A Multi-model approach for remote sensing-based actual evapotranspiration mapping using Google Earth Engine (ETMapper-GEE)

Abstract

Accurate estimation of actual evapotranspiration (ET_a) through remote sensing (RS) is essential for effective large-scale water management. We developed an EvapoTranspiration Mapper in the Google Earth Engine environment (ETMapper-GEE) to estimate RS-ET_a using Landsat satellite data employing four models: Surface Energy Balance Algorithm for Land (SEBAL), Mapping EvapoTranspiration at high Resolution with Internalized Calibration (METRIC), surface temperature-vegetation-based triangle (TriAng), and Operational Simplified Surface Energy Balance (SSEBop). The estimation integrates extrapolation approaches (Evaporative Fraction (EF) and EvapoTranspiration Fraction (ETF)), reference ET types (grass (ET_o) and alfalfa (ET_r)), and climate forcing datasets (the fifth generation of the European ReAnalysis (ERA5-Land) and the Climate Forecast System version 2 (CFSv2)).
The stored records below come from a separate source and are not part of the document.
(* Let $\mathcal{X}\subset\mathbb{R}$ be compact and let $p$ be a continuous probability density on $\mathcal{X}$. Assume there exists $\delta>0$ with $\inf_{x\in\mathcal{X}}p(x)>\delta$. Then for every $\epsilon>0$ there exist an integer $N\ge1$ and real constants $\mu_i\in\mathbb{R}$, $\sigma_i>0$ ($i=1,\dots,N$) such that, with $$f_N(x)=\frac{1}{N}\sum_{i=1}^N \frac{e^{-\frac{x-\mu_i}{\sigma_i}}}{\sigma_i\left(1+e^{-\frac{x-\mu_i}{\sigma_i}}\right)^2},$$ one has $\mathrm{KL}(p\,\|\,f_N)=\int_{\mathcal{X}}p(x)\log\frac{p(x)}{f_N(x)}\,dx<\epsilon$.
   Context: $\mathrm{KL}(p\|q)=\int p\log(p/q)$ denotes the Kullback–Leibler divergence. $f_N$ is the density on $\mathbb{R}$ of an equally weighted mixture of $N$ logistic distributions with locations $\mu_i$ and scales $\sigma_i$. *)

theory Defs
  imports "HOL-Analysis.Analysis"
begin

definition logistic_pdf :: "real \<Rightarrow> real \<Rightarrow> real \<Rightarrow> real" where
  "logistic_pdf mu s x = exp (- (x - mu) / s) / (s * (1 + exp (- (x - mu) / s))^2)"

definition logistic_mixture :: "nat \<Rightarrow> (nat \<Rightarrow> real) \<Rightarrow> (nat \<Rightarrow> real) \<Rightarrow> real \<Rightarrow> real" where
  "logistic_mixture N mu s x = (1 / real N) * (\<Sum>i=1..N. logistic_pdf (mu i) (s i) x)"

end

theory Submission
  imports Defs
begin

text \<open>Since \<open>KL(p \<parallel> f) \<le> - ln c\<close> whenever \<open>c p \<le> f\<close> on \<open>X\<close>, it suffices to bound \<open>p\<close>
  from below by logistic mixtures with \<open>c\<close> arbitrarily close to 1. Choose a fine grid \<open>\<int> d\<close>,
  a sample point \<open>z\<^sub>k \<in> X\<close> near each grid point \<open>k d\<close> close to \<open>X\<close>, and put about
  \<open>M d p(z\<^sub>k)\<close> components of common scale \<open>A d\<close> at \<open>k d\<close>. At \<open>x \<in> X\<close> the \<open>2m+1\<close> kernels
  nearest to \<open>x\<close> form a Riemann sum for the logistic mass of \<open>[-L, L]\<close>, and by continuity each
  carries weight \<open>\<approx> M d p(x)\<close>, so together they contribute about \<open>M p(x)\<close>. The number of
  components is about \<open>M \<cdot> d \<Sum>\<^sub>k p(z\<^sub>k) \<approx> M \<integral>\<^sub>X p = M\<close>; bounding this sample sum needs an
  open \<open>T \<supseteq> X\<close> of almost the same measure. The hypothesis \<open>p > \<delta>\<close> makes all continuity
  errors relative to \<open>p\<close>.\<close>

definition sigmoid :: "real \<Rightarrow> real" where
  "sigmoid t = 1 / (1 + exp (- t))"

lemma one_plus_exp_pos: "1 + exp x > (0::real)"
  by (simp add: add_pos_pos)

lemma logistic_pdf_pos: "s > 0 \<Longrightarrow> logistic_pdf mu s x > 0"
  unfolding logistic_pdf_def using one_plus_exp_pos
  by (intro divide_pos_pos mult_pos_pos zero_less_power) auto

lemma logistic_pdf_eq_standard:
  "s > 0 \<Longrightarrow> logistic_pdf mu s x = logistic_pdf 0 1 ((x - mu) / s) / s"
  unfolding logistic_pdf_def by (simp add: minus_divide_left)

lemma continuous_on_logistic_pdf: "s > 0 \<Longrightarrow> continuous_on S (logistic_pdf mu s)"
  unfolding logistic_pdf_def using one_plus_exp_pos
  by (intro continuous_intros) (auto simp: add_nonneg_eq_0_iff)

lemma continuous_on_logistic_mixture:
  "(\<And>i. i \<in> {1..N} \<Longrightarrow> s i > 0) \<Longrightarrow> continuous_on S (logistic_mixture N mu s)"
  unfolding logistic_mixture_def by (intro continuous_intros continuous_on_logistic_pdf) auto

lemma sigmoid_mono: "a \<le> b \<Longrightarrow> sigmoid a \<le> sigmoid b"
  unfolding sigmoid_def by (simp add: frac_le add_pos_pos)

lemma sigmoid_minus_sigmoid_uminus: "sigmoid L - sigmoid (- L) = 1 - 2 / (1 + exp L)"
proof -
  define e where "e = exp L"
  have e: "e > 0" unfolding e_def by (rule exp_gt_zero)
  have "sigmoid L = e / (1 + e)" "sigmoid (- L) = 1 / (1 + e)"
    unfolding sigmoid_def e_def exp_minus using e by (simp_all add: field_simps)
  then show ?thesis unfolding e_def[symmetric] using e by (simp add: field_simps)
qed

lemma DERIV_sigmoid: "DERIV sigmoid t :> logistic_pdf 0 1 t"
proof -
  have "1 + exp (- t) \<noteq> 0"
    using one_plus_exp_pos by (metis less_irrefl)
  then show ?thesis
    unfolding sigmoid_def logistic_pdf_def
    by (auto intro!: derivative_eq_intros simp: power2_eq_square)
qed

lemma DERIV_std_logistic_pdf:
  "DERIV (logistic_pdf 0 1) t :> exp (- t) * (exp (- t) - 1) / (1 + exp (- t))^3"
proof (rule DERIV_cong)
  define e where "e = exp (- t)"
  have e: "1 + e \<noteq> 0"
    unfolding e_def using one_plus_exp_pos by (metis less_irrefl)
  then show "DERIV (logistic_pdf 0 1) t :>
      (- e * (1 + e)^2 - e * (2 * (1 + e) * - e)) / ((1 + e)^2)^2"
    unfolding logistic_pdf_def e_def by (auto intro!: derivative_eq_intros)
  have "- e * (1 + e)^2 - e * (2 * (1 + e) * - e) = e * (e - 1) * (1 + e)"
    and "((1 + e)^2)^2 = (1 + e)^3 * (1 + e)"
    by algebra+
  then show "(- e * (1 + e)^2 - e * (2 * (1 + e) * - e)) / ((1 + e)^2)^2 =
      e * (e - 1) / (1 + e)^3"
    using e by simp
qed

lemma abs_deriv_std_logistic_pdf_le:
  fixes t :: real
  shows "\<bar>exp (- t) * (exp (- t) - 1) / (1 + exp (- t))^3\<bar> \<le> 1"
proof -
  define e where "e = exp (- t)"
  have e: "e > 0" unfolding e_def by (rule exp_gt_zero)
  have "\<bar>e * (e - 1)\<bar> \<le> e * (e + 1)" using e by (simp add: abs_mult abs_le_iff)
  also have "\<dots> \<le> (1 + e)^3" using e by (simp add: power3_eq_cube algebra_simps)
  finally show ?thesis using e unfolding e_def[symmetric]
    by (simp add: abs_div pos_divide_le_eq)
qed

text \<open>Two mean value steps: the increment of the sigmoid over a step of length \<open>h\<close> is its
  derivative at the right end times \<open>h\<close>, up to \<open>h\<^sup>2\<close> since the second derivative is bounded by 1.\<close>
lemma sigmoid_increment_le:
  assumes "h > 0"
  shows "sigmoid u - sigmoid (u - h) \<le> h * logistic_pdf 0 1 u + h^2"
proof -
  obtain z where z: "u - h < z" "z < u" "sigmoid u - sigmoid (u - h) = h * logistic_pdf 0 1 z"
    using MVT2[of "u - h" u sigmoid "logistic_pdf 0 1"] assms DERIV_sigmoid by auto
  obtain w where w: "z < w" "w < u" "logistic_pdf 0 1 u - logistic_pdf 0 1 z =
      (u - z) * (exp (- w) * (exp (- w) - 1) / (1 + exp (- w))^3)"
    using MVT2[of z u "logistic_pdf 0 1" "\<lambda>t. exp (- t) * (exp (- t) - 1) / (1 + exp (- t))^3"]
      z DERIV_std_logistic_pdf by auto
  have "\<bar>logistic_pdf 0 1 u - logistic_pdf 0 1 z\<bar> \<le> (u - z) * 1"
    unfolding w(3) abs_mult using z abs_deriv_std_logistic_pdf_le[of w]
    by (intro mult_mono) auto
  then have "logistic_pdf 0 1 z \<le> logistic_pdf 0 1 u + h" using z by auto
  then have "h * logistic_pdf 0 1 z \<le> h * (logistic_pdf 0 1 u + h)"
    using assms by (simp add: mult_left_mono)
  then show ?thesis using z(3) by (simp add: power2_eq_square algebra_simps)
qed

lemma floor_window_dist:
  fixes d x :: real
  assumes "d > 0" "j \<le> 2 * m"
  shows "\<bar>x - of_int (\<lfloor>x / d\<rfloor> - int m + int j) * d\<bar> \<le> (real m + 1) * d"
proof -
  have grid: "of_int (\<lfloor>x / d\<rfloor> - int m + int j) * d = of_int \<lfloor>x / d\<rfloor> * d - real m * d + real j * d"
    and r: "(real m + 1) * d = real m * d + d"
    and up: "(of_int \<lfloor>x / d\<rfloor> + 1) * d = of_int \<lfloor>x / d\<rfloor> * d + d"
    by (simp_all add: algebra_simps)
  have "0 \<le> real j * d" "real j * d \<le> 2 * real m * d"
    using assms by (simp_all add: mult_right_mono)
  then show ?thesis
    using floor_divide_lower[OF assms(1), of x] floor_divide_upper[OF assms(1), of x]
    unfolding grid r up abs_le_iff by linarith
qed
lemma convex_hull_norm_ge_rescale:
  assumes hull: "\<And>\<nu>. convex_weights n \<nu> \<Longrightarrow> \<rho> \<le> sqrt (sqnorm d (lincomb n \<nu> p))"
    and c: "\<forall>i<n. 0 < c i \<and> c i \<le> R" and w: "convex_weights n w"
  shows "\<rho> / R \<le> sqrt (sqnorm d (lincomb n w (\<lambda>i l. p i l / c i)))"
proof -
  define \<sigma> where "\<sigma> = (\<Sum>i<n. w i / c i)"
  have "0 < n"
    using w by (auto simp: convex_weights_def intro!: gr0I)
  then have R: "0 < R"
    using c by force
  have "(\<Sum>i<n. w i / R) \<le> \<sigma>"
    unfolding \<sigma>_def using c w by (intro sum_mono divide_left_mono) (auto simp: convex_weights_def)
  then have \<sigma>R: "1 / R \<le> \<sigma>"
    using w by (simp add: convex_weights_def flip: sum_divide_distrib)
  moreover have "0 < 1 / R"
    using R by simp
  ultimately have \<sigma>: "0 < \<sigma>"
    by linarith
  define \<nu> where "\<nu> i = w i / (c i * \<sigma>)" for i
  have "(\<Sum>i<n. \<nu> i) = (\<Sum>i<n. w i / c i) / \<sigma>"
    unfolding \<nu>_def sum_divide_distrib by (simp add: divide_divide_eq_left)
  then have \<nu>: "convex_weights n \<nu>"
    using w c \<sigma> by (auto simp: convex_weights_def \<nu>_def \<sigma>_def)
  have "lincomb n w (\<lambda>i l. p i l / c i) = (\<lambda>l. \<sigma> * lincomb n \<nu> p l)"
    using c \<sigma> by (auto simp: lincomb_def \<nu>_def sum_distrib_left fun_eq_iff field_simps intro!: sum.cong)
  then have eq: "sqrt (sqnorm d (lincomb n w (\<lambda>i l. p i l / c i))) = \<sigma> * sqrt (sqnorm d (lincomb n \<nu> p))"
    using \<sigma> by (simp add: sqnorm_scale real_sqrt_mult)
  show ?thesis
  proof (cases "\<rho> \<le> 0")
    case True
    then have "\<rho> / R \<le> 0"
      using R by (simp add: divide_nonpos_pos)
    then show ?thesis
      using \<sigma> sqnorm_nonneg unfolding eq by (meson mult_nonneg_nonneg order_trans real_sqrt_ge_zero less_imp_le)
  next
    case False
    have "\<rho> / R = (1 / R) * \<rho>"
      by simp
    also have "\<dots> \<le> \<sigma> * \<rho>"
      using \<sigma>R False by (intro mult_right_mono) auto
    also have "\<dots> \<le> \<sigma> * sqrt (sqnorm d (lincomb n \<nu> p))"
      using hull[OF \<nu>] \<sigma> by (intro mult_left_mono) auto
    finally show ?thesis
      unfolding eq .
  qed
qed
(* Let $\tilde v$ be a square-integrable random variable (the payoff), $\tilde s$ a random variable (the signal), $B$ a standard one-dimensional Brownian motion independent of $(\tilde v,\tilde s)$, $Z_t=\sigma_ZB_t$ with $\sigma_Z>0$, and let $X_t=\int_0^t\theta_u\,du$ where $\theta$ is adapted to $\sigma(\tilde s)\vee\mathcal F^Z_t$. Let $Y_t=X_t+Z_t$ and let $\mathcal F^Y_T$ be the $\sigma$-algebra generated by $(Y_t)_{t\le T}$. Suppose that $\mathbb E[\tilde v|\tilde s]$ is measurable with respect to $\sigma(Y_T)$. Then $$\mathbb E[\tilde v|\tilde s]=\mathbb E[\tilde v|\mathcal F^Y_T].$$
   Context: $\mathcal F^Z_t$ denotes the filtration generated by $Z$. $X$ is the informed trader's cumulative order, $Z$ the cumulative noise trade and $Y$ the aggregate order flow observed by market makers. *)

theory Defs
  imports "HOL-Probability.Probability"
begin

definition std_brownian_motion :: "'a measure \<Rightarrow> (real \<Rightarrow> 'a \<Rightarrow> real) \<Rightarrow> bool" where
  "std_brownian_motion M B \<longleftrightarrow>
     prob_space M \<and>
     (\<forall>t\<ge>0. B t \<in> borel_measurable M) \<and>
     (\<forall>\<omega>\<in>space M. B 0 \<omega> = 0) \<and>
     (\<forall>\<omega>\<in>space M. continuous_on {0..} (\<lambda>t. B t \<omega>)) \<and>
     (\<forall>s t. 0 \<le> s \<and> s < t \<longrightarrow>
        distributed M lborel (\<lambda>\<omega>. B t \<omega> - B s \<omega>) (normal_density 0 (sqrt (t - s)))) \<and>
     (\<forall>(n::nat) (\<tau>::nat \<Rightarrow> real). 0 \<le> \<tau> 0 \<and> (\<forall>i<n. \<tau> i < \<tau> (Suc i)) \<longrightarrow>
        prob_space.indep_vars M (\<lambda>_. borel) (\<lambda>i \<omega>. B (\<tau> (Suc i)) \<omega> - B (\<tau> i) \<omega>) {..<n})"
lemma evolution_limit_semigroup_sequentially:
  assumes lim: "evolution_limit_semigroup R S"
    and l: "l \<longlonglongrightarrow> 0" "\<And>m. l m > 0" and \<nu>: "\<nu> \<longlonglongrightarrow> \<mu>" and v: "v \<longlonglongrightarrow> u"
    and st: "\<And>m. 0 \<le> s m \<and> s m \<le> t m \<and> t m \<le> Tb"
  shows "(\<lambda>m. blinfun_apply (R (\<nu> m) (l m) (t m) (s m)) (v m) - blinfun_apply (S \<mu> (t m - s m)) u)
           \<longlonglongrightarrow> 0"
proof (rule tendstoI)
  fix \<epsilon> :: real assume "\<epsilon> > 0"
  then obtain \<delta> where "\<delta> > 0" and \<delta>: "\<forall>\<nu> l v t s.
       0 < l \<and> l < \<delta> \<and> dist v u < \<delta> \<and> dist \<nu> \<mu> < \<delta> \<and> 0 \<le> s \<and> s \<le> t \<and> t \<le> Tb
       \<longrightarrow> norm (blinfun_apply (R \<nu> l t s) v - blinfun_apply (S \<mu> (t - s)) u) < \<epsilon>"
    using lim unfolding evolution_limit_semigroup_def by blast
  have "\<forall>\<^sub>F m in sequentially. l m < \<delta> \<and> dist (v m) u < \<delta> \<and> dist (\<nu> m) \<mu> < \<delta>"
    using order_tendstoD(2)[OF l(1) \<open>\<delta> > 0\<close>] tendstoD[OF v \<open>\<delta> > 0\<close>] tendstoD[OF \<nu> \<open>\<delta> > 0\<close>]
    by eventually_elim auto
  then show "\<forall>\<^sub>F m in sequentially.
      dist (blinfun_apply (R (\<nu> m) (l m) (t m) (s m)) (v m) - blinfun_apply (S \<mu> (t m - s m)) u) 0 < \<epsilon>"
    by eventually_elim (use \<delta> l(2) st in auto)
qed

lemma semigroup_orbit_continuous:
  assumes evol: "\<And>l. l > 0 \<Longrightarrow> evolution_system (R \<mu> l)"
    and lim: "evolution_limit_semigroup R S"
  shows "continuous_on {0..Tb} (\<lambda>r. blinfun_apply (S \<mu> r) u)"
proof (rule uniform_limit_theorem[where F="at_right 0" and f="\<lambda>l r. blinfun_apply (R \<mu> l r 0) u"])
  show "\<forall>\<^sub>F l in at_right 0. continuous_on {0..Tb} (\<lambda>r. blinfun_apply (R \<mu> l r 0) u)"
    using eventually_at_right_less[of "0::real"]
  proof eventually_elim
    case (elim l)
    have "continuous_on {(s, t). 0 \<le> s \<and> s \<le> t} (\<lambda>(s, t). blinfun_apply (R \<mu> l t s) u)"
      using evol[OF elim] unfolding evolution_system_def by blast
    then have "continuous_on {0..Tb} ((\<lambda>(s, t). blinfun_apply (R \<mu> l t s) u) \<circ> (\<lambda>r. (0, r)))"
      by (intro continuous_on_compose continuous_intros) (auto elim: continuous_on_subset)
    then show ?case by (simp add: o_def)
  qed
  show "uniform_limit {0..Tb} (\<lambda>l r. blinfun_apply (R \<mu> l r 0) u) (\<lambda>r. blinfun_apply (S \<mu> r) u) (at_right 0)"
    unfolding uniform_limit_iff
  proof (intro allI impI)
    fix \<epsilon> :: real assume "\<epsilon> > 0"
    then obtain \<delta> where "\<delta> > 0" and \<delta>: "\<forall>\<nu> l v t s.
       0 < l \<and> l < \<delta> \<and> dist v u < \<delta> \<and> dist \<nu> \<mu> < \<delta> \<and> 0 \<le> s \<and> s \<le> t \<and> t \<le> Tb
       \<longrightarrow> norm (blinfun_apply (R \<nu> l t s) v - blinfun_apply (S \<mu> (t - s)) u) < \<epsilon>"
      using lim unfolding evolution_limit_semigroup_def by blast
    show "\<forall>\<^sub>F l in at_right 0. \<forall>r\<in>{0..Tb}. dist (blinfun_apply (R \<mu> l r 0) u) (blinfun_apply (S \<mu> r) u) < \<epsilon>"
      unfolding eventually_at_right_field
      using \<open>\<delta> > 0\<close> \<delta>[rule_format, of _ u \<mu> 0] by (intro exI[of _ \<delta>]) (auto simp: dist_norm)
  qed
qed simp

lemma semigroup_norm_bound:
  assumes lim: "evolution_limit_semigroup R S"
    and bound: "\<And>l t s. l > 0 \<Longrightarrow> 0 \<le> s \<Longrightarrow> s \<le> t \<Longrightarrow> norm (R \<mu> l t s) \<le> M * exp (\<omega> * (t - s))"
    and "r \<ge> 0"
  shows "norm (S \<mu> r) \<le> M * exp (\<omega> * r)"
proof (rule norm_blinfun_bound)
  show "0 \<le> M * exp (\<omega> * r)"
    using order.trans[OF norm_ge_zero bound[of 1 r r]] \<open>r \<ge> 0\<close> by simp
  fix u
  define l :: "nat \<Rightarrow> real" where "l m = inverse (Suc m)" for m
  have "(\<lambda>m. blinfun_apply (R \<mu> (l m) r 0) u - blinfun_apply (S \<mu> (r - 0)) u) \<longlonglongrightarrow> 0"
    using \<open>r \<ge> 0\<close> unfolding l_def
    by (intro evolution_limit_semigroup_sequentially[OF lim] LIMSEQ_inverse_real_of_nat) auto
  then have "(\<lambda>m. blinfun_apply (R \<mu> (l m) r 0) u) \<longlonglongrightarrow> blinfun_apply (S \<mu> r) u"
    by (simp add: Lim_null[symmetric])
  moreover have "norm (blinfun_apply (R \<mu> (l m) r 0) u) \<le> M * exp (\<omega> * r) * norm u" for m
    using norm_blinfun[of "R \<mu> (l m) r 0" u] bound[of "l m" 0 r] \<open>r \<ge> 0\<close>
    by (auto simp: l_def intro: order.trans[OF _ mult_right_mono])
  ultimately show "norm (blinfun_apply (S \<mu> r) u) \<le> M * exp (\<omega> * r) * norm u"
    by (intro tendsto_le[OF _ tendsto_const tendsto_norm]) auto
qed

lemma continuous_on_blinfun_apply_bounded:
  fixes A :: "'x::metric_space \<Rightarrow> 'a::real_normed_vector \<Rightarrow>\<^sub>L 'b::real_normed_vector"
  assumes orbit: "\<And>u. continuous_on X (\<lambda>x. blinfun_apply (A x) u)"
    and bound: "\<And>x. x \<in> X \<Longrightarrow> norm (A x) \<le> B"
    and w: "continuous_on X w"
  shows "continuous_on X (\<lambda>x. blinfun_apply (A x) (w x))"
  unfolding continuous_on_def
proof
  fix x0 assume "x0 \<in> X"
  let ?F = "at x0 within X"
  have "((\<lambda>x. blinfun_apply (A x) (w x - w x0)) \<longlongrightarrow> 0) ?F"
  proof (rule Lim_null_comparison)
    show "\<forall>\<^sub>F x in ?F. norm (blinfun_apply (A x) (w x - w x0)) \<le> B * norm (w x - w x0)"
      by (auto simp: eventually_at_filter intro!: always_eventually
          order.trans[OF norm_blinfun mult_right_mono] bound)
    have "(w \<longlongrightarrow> w x0) ?F"
      using w \<open>x0 \<in> X\<close> unfolding continuous_on_def by blast
    then show "((\<lambda>x. B * norm (w x - w x0)) \<longlongrightarrow> 0) ?F"
      by (intro tendsto_mult_right_zero tendsto_norm_zero) (simp add: Lim_null[symmetric])
  qed
  moreover have "((\<lambda>x. blinfun_apply (A x) (w x0)) \<longlongrightarrow> blinfun_apply (A x0) (w x0)) ?F"
    using orbit \<open>x0 \<in> X\<close> unfolding continuous_on_def by blast
  ultimately have "((\<lambda>x. blinfun_apply (A x) (w x - w x0) + blinfun_apply (A x) (w x0))
      \<longlongrightarrow> 0 + blinfun_apply (A x0) (w x0)) ?F"
    by (rule tendsto_add)
  then show "((\<lambda>x. blinfun_apply (A x) (w x)) \<longlongrightarrow> blinfun_apply (A x0) (w x0)) ?F"
    by (simp add: blinfun.diff_right)
qed

lemma semigroup_convolution_integrand_continuous:
  assumes evol: "\<And>l. l > 0 \<Longrightarrow> evolution_system (R \<mu> l)"
    and lim: "evolution_limit_semigroup R S"
    and bound: "\<And>l t s. l > 0 \<Longrightarrow> 0 \<le> s \<Longrightarrow> s \<le> t \<Longrightarrow> norm (R \<mu> l t s) \<le> M * exp (\<omega> * (t - s))"
    and w: "continuous_on {0..b} w"
  shows "continuous_on {0..b} (\<lambda>s. blinfun_apply (S \<mu> (b - s)) (w s))"
proof (rule continuous_on_blinfun_apply_bounded[OF _ _ w])
  show "continuous_on {0..b} (\<lambda>s. blinfun_apply (S \<mu> (b - s)) u)" for u
    by (rule continuous_on_compose2[OF semigroup_orbit_continuous[OF evol lim]])
      (auto intro!: continuous_intros)
  show "norm (S \<mu> (b - s)) \<le> \<bar>M\<bar> * exp (\<bar>\<omega>\<bar> * b)" if "s \<in> {0..b}" for s
  proof -
    have "norm (S \<mu> (b - s)) \<le> M * exp (\<omega> * (b - s))"
      using that by (intro semigroup_norm_bound[OF lim bound]) auto
    also have "\<dots> \<le> \<bar>M\<bar> * exp (\<omega> * (b - s))"
      by (simp add: mult_right_mono)
    also have "\<omega> * (b - s) \<le> \<bar>\<omega>\<bar> * b"
      using that mult_right_mono[OF abs_ge_self[of \<omega>], of "b - s"] mult_left_mono[of "b - s" b "\<bar>\<omega>\<bar>"]
      by auto
    then have "\<bar>M\<bar> * exp (\<omega> * (b - s)) \<le> \<bar>M\<bar> * exp (\<bar>\<omega>\<bar> * b)"
      by (simp add: mult_left_mono)
    finally show ?thesis .
  qed
qed

lemma eventually_uniformly_small_if_sequentially:
  fixes H :: "nat \<Rightarrow> 'x::metric_space \<Rightarrow> 'y::real_normed_vector"
  assumes "compact K"
    and seq: "\<And>r x x0. strict_mono r \<Longrightarrow> (\<And>m. D (r m) \<subseteq> K \<and> x m \<in> D (r m)) \<Longrightarrow>
                x \<longlonglongrightarrow> x0 \<Longrightarrow> x0 \<in> K \<Longrightarrow> (\<lambda>m. H (r m) (x m)) \<longlonglongrightarrow> 0"
    and "\<epsilon> > 0"
  shows "\<forall>\<^sub>F n in sequentially. D n \<subseteq> K \<longrightarrow> (\<forall>x\<in>D n. norm (H n x) < \<epsilon>)"
proof (rule ccontr)
  assume "\<not> ?thesis"
  from not_eventually_sequentiallyD[OF this] obtain r :: "nat \<Rightarrow> nat" where r: "strict_mono r"
    and "\<forall>m. \<not> (D (r m) \<subseteq> K \<longrightarrow> (\<forall>x\<in>D (r m). norm (H (r m) x) < \<epsilon>))"
    by blast
  then have "\<forall>m. \<exists>x. D (r m) \<subseteq> K \<and> x \<in> D (r m) \<and> norm (H (r m) x) \<ge> \<epsilon>"
    by (auto simp: not_less)
  then obtain x where x: "\<And>m. D (r m) \<subseteq> K \<and> x m \<in> D (r m) \<and> norm (H (r m) (x m)) \<ge> \<epsilon>"
    by metis
  then obtain x0 r' where "x0 \<in> K" and r': "strict_mono r'" and "(x \<circ> r') \<longlonglongrightarrow> x0"
    using compact_imp_seq_compact[OF \<open>compact K\<close>] unfolding seq_compact_def by blast
  then have "(\<lambda>m. H ((r \<circ> r') m) ((x \<circ> r') m)) \<longlonglongrightarrow> 0"
    using x by (intro seq strict_mono_o r r') (auto simp: o_def)
  then have "\<forall>\<^sub>F m in sequentially. norm (H (r (r' m)) (x (r' m))) < \<epsilon>"
    by (auto dest: tendstoD[OF _ \<open>\<epsilon> > 0\<close>] simp: o_def)
  then show False
    using x by (auto dest: eventually_happens' simp: not_less[symmetric])
qed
The ETMapper was evaluated against observed data from flux towers in Germany for the period 2020 to 2022. The results showed that EF outperformed the ETF approach, with a more than an 8 % higher correlation of determination (R²) and 35 % lower Root Mean Square Error (RMSE) compared to the other approaches. Among the EF approaches, TriAng (RMSE = 1.38 mm d^-1) exhibited the best performance, followed by METRIC (1.69 mm d^-1) and SEBAL (2.07 mm d^-1). Using ETMapper with ET_o resulted in at least 4 % higher R² and reduction in RMSE by at least 29 % compared to ET_r. Forcing ETMapper with ERA5 yielded better accuracy (R² > 4 %, RMSE < 12 %) than when using CFSv2. This study provides an integrated framework for RS-ET_a estimation, supporting water-related Sustainable Development Goals, especially in agricultural contexts.